SUPPLIED MATERIAL Start Marker

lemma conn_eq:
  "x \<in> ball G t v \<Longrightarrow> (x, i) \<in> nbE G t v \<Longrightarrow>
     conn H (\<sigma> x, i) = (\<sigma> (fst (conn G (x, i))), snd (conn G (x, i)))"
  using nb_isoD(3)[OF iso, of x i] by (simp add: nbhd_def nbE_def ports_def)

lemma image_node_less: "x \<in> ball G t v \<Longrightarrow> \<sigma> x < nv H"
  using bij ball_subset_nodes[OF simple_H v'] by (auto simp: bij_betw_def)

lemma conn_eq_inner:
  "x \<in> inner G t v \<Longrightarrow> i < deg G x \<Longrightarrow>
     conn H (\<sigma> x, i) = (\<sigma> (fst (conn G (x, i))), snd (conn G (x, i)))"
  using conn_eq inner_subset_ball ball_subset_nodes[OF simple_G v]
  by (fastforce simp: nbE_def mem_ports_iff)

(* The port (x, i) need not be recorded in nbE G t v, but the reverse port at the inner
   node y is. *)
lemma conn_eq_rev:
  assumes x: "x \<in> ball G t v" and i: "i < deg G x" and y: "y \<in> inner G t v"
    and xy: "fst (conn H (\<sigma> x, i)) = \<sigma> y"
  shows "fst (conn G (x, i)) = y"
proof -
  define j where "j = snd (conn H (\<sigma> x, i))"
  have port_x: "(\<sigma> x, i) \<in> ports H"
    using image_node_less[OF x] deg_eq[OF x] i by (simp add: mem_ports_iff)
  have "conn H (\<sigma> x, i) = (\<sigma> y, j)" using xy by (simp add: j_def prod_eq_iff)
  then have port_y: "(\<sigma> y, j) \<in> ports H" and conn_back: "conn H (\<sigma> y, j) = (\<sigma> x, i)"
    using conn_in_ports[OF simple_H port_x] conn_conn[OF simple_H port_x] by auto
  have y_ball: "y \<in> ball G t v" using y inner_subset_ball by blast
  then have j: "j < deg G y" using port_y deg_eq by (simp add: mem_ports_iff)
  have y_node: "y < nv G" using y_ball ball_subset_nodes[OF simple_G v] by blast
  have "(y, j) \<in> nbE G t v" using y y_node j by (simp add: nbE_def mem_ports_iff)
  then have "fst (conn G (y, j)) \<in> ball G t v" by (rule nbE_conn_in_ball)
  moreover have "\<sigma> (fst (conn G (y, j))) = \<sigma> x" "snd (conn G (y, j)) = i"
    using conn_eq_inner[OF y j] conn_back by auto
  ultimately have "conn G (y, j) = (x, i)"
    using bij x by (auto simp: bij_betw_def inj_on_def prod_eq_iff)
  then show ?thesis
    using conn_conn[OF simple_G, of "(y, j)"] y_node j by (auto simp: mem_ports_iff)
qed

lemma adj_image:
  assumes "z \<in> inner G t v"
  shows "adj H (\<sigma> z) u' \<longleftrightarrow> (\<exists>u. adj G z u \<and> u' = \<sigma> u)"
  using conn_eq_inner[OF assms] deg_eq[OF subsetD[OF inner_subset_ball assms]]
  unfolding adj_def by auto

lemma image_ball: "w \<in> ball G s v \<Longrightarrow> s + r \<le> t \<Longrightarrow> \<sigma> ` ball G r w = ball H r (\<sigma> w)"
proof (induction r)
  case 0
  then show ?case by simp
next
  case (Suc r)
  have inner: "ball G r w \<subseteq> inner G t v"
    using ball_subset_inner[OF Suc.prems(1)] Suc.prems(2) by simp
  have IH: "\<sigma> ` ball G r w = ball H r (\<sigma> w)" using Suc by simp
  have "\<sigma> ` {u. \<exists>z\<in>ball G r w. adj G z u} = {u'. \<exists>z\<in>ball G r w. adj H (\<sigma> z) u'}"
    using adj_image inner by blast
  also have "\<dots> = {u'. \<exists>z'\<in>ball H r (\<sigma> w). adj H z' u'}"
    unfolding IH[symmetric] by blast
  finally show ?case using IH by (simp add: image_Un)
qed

SUPPLIED MATERIAL End Marker

▶ _ASSIGNMENT_
Each line from the one that contains "using bij x" through the end of the material above should be returned exactly, and nothing else.

▶ _WRITTEN REPLY_
    using bij x by (auto simp: bij_betw_def inj_on_def prod_eq_iff)
  then show ?thesis
    using conn_conn[OF simple_G, of "(y, j)"] y_node j by (auto simp: mem_ports_iff)
qed

lemma adj_image:
  assumes "z \<in> inner G t v"
  shows "adj H (\<sigma> z) u' \<longleftrightarrow> (\<exists>u. adj G z u \<and> u' = \<sigma> u)"
  using conn_eq_inner[OF assms] deg_eq[OF subsetD[OF inner_subset_ball assms]]
  unfolding adj_def by auto

lemma image_ball: "w \<in> ball G s v \<Longrightarrow> s + r \<le> t \<Longrightarrow> \<sigma> ` ball G r w = ball H r (\<sigma> w)"
proof (induction r)
  case 0
  then show ?case by simp
next
  case (Suc r)
  have inner: "ball G r w \<subseteq> inner G t v"
    using ball_subset_inner[OF Suc.prems(1)] Suc.prems(2) by simp
  have IH: "\<sigma> ` ball G r w = ball H r (\<sigma> w)" using Suc by simp
  have "\<sigma> ` {u. \<exists>z\<in>ball G r w. adj G z u} = {u'. \<exists>z\<in>ball G r w. adj H (\<sigma> z) u'}"
    using adj_image inner by blast
  also have "\<dots> = {u'. \<exists>z'\<in>ball H r (\<sigma> w). adj H z' u'}"
    unfolding IH[symmetric] by blast
  finally show ?case using IH by (simp add: image_Un)
qed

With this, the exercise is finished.